-- Exercise requirements --
Please copy each line of the records below that includes the word "moreover".

-- Material for this task --

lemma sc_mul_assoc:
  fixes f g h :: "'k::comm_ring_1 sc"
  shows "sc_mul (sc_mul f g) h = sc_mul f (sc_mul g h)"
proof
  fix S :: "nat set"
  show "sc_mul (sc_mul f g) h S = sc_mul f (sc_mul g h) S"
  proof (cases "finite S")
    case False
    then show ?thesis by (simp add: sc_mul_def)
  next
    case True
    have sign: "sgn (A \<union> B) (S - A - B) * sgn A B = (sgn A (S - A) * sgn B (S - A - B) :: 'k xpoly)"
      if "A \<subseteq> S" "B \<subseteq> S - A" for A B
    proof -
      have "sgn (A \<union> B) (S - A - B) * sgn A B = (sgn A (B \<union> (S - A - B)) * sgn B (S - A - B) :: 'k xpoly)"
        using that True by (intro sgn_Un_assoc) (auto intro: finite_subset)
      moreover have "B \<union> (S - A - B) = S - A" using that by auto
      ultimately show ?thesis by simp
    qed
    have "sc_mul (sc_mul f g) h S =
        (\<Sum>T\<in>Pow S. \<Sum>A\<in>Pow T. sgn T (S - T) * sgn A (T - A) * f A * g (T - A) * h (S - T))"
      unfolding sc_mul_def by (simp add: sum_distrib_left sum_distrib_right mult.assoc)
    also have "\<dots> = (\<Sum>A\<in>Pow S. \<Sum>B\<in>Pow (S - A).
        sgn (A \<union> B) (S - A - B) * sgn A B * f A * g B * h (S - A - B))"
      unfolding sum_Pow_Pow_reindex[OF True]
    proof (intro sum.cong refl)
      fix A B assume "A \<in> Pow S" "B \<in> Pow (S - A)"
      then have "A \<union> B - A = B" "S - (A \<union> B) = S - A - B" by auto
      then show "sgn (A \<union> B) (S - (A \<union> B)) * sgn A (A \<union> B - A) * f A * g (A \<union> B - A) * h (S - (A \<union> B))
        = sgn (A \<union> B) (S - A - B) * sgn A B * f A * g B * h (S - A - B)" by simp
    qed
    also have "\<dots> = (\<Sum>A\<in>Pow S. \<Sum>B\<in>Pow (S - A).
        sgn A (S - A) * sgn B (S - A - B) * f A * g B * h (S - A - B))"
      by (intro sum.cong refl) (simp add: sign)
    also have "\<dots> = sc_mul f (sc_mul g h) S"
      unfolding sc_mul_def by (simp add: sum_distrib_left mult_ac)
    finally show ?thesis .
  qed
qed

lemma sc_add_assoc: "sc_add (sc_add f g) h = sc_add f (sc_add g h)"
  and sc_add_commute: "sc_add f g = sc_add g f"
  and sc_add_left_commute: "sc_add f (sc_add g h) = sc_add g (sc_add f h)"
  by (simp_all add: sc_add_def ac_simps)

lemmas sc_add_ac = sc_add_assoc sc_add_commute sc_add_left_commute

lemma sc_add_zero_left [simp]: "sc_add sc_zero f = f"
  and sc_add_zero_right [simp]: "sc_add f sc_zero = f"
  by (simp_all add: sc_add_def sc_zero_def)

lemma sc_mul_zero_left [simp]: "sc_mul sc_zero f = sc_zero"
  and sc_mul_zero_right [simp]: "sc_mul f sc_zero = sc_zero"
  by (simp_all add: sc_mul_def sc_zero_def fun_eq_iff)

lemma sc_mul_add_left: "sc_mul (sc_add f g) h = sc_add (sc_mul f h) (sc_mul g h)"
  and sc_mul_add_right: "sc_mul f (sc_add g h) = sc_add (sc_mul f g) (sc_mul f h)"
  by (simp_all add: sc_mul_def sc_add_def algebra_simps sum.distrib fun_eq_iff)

---

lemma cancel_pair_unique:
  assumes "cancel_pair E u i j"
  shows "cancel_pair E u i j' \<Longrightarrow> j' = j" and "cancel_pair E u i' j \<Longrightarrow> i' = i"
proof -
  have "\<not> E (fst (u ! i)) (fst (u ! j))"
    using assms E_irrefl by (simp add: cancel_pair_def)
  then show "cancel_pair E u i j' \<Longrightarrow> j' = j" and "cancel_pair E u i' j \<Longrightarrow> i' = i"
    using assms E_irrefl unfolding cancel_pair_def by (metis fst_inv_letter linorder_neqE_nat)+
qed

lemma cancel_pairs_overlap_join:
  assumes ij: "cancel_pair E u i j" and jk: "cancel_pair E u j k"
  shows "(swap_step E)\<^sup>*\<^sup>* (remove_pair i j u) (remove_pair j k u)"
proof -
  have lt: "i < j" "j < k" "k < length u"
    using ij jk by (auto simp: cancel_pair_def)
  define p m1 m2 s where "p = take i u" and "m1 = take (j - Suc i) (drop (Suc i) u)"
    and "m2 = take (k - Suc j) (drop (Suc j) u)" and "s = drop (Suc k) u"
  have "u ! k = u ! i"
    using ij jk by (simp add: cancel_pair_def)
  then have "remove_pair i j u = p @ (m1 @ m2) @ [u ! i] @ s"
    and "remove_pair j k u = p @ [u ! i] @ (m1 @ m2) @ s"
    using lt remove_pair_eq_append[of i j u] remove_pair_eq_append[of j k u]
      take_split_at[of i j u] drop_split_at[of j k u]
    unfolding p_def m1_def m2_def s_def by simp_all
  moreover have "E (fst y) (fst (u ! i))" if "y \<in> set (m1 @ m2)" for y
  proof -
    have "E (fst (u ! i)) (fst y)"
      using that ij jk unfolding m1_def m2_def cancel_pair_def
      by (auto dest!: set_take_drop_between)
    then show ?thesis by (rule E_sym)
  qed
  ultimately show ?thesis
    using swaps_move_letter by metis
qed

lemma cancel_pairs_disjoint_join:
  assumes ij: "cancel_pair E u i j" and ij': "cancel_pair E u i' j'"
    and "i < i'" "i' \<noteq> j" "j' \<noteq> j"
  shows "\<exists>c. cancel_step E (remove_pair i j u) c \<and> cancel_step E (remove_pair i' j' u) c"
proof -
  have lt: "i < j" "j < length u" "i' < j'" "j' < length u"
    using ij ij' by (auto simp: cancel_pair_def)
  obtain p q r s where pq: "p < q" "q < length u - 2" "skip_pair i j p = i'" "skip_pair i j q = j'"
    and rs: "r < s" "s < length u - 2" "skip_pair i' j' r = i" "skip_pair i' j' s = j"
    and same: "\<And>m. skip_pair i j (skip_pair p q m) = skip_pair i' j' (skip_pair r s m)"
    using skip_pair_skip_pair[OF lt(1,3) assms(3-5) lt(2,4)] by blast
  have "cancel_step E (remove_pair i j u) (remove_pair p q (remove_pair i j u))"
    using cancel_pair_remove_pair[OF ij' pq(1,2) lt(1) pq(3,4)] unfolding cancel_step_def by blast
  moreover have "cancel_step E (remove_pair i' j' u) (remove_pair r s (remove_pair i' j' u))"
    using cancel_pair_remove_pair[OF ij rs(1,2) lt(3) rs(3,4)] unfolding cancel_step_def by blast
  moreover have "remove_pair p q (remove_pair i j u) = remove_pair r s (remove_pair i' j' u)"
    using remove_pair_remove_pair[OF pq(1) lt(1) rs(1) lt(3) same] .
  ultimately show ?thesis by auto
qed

-- Answer section --
      moreover have "B \<union> (S - A - B) = S - A" using that by auto
  moreover have "E (fst y) (fst (u ! i))" if "y \<in> set (m1 @ m2)" for y
  moreover have "cancel_step E (remove_pair i' j' u) (remove_pair r s (remove_pair i' j' u))"
  moreover have "remove_pair p q (remove_pair i j u) = remove_pair r s (remove_pair i' j' u)"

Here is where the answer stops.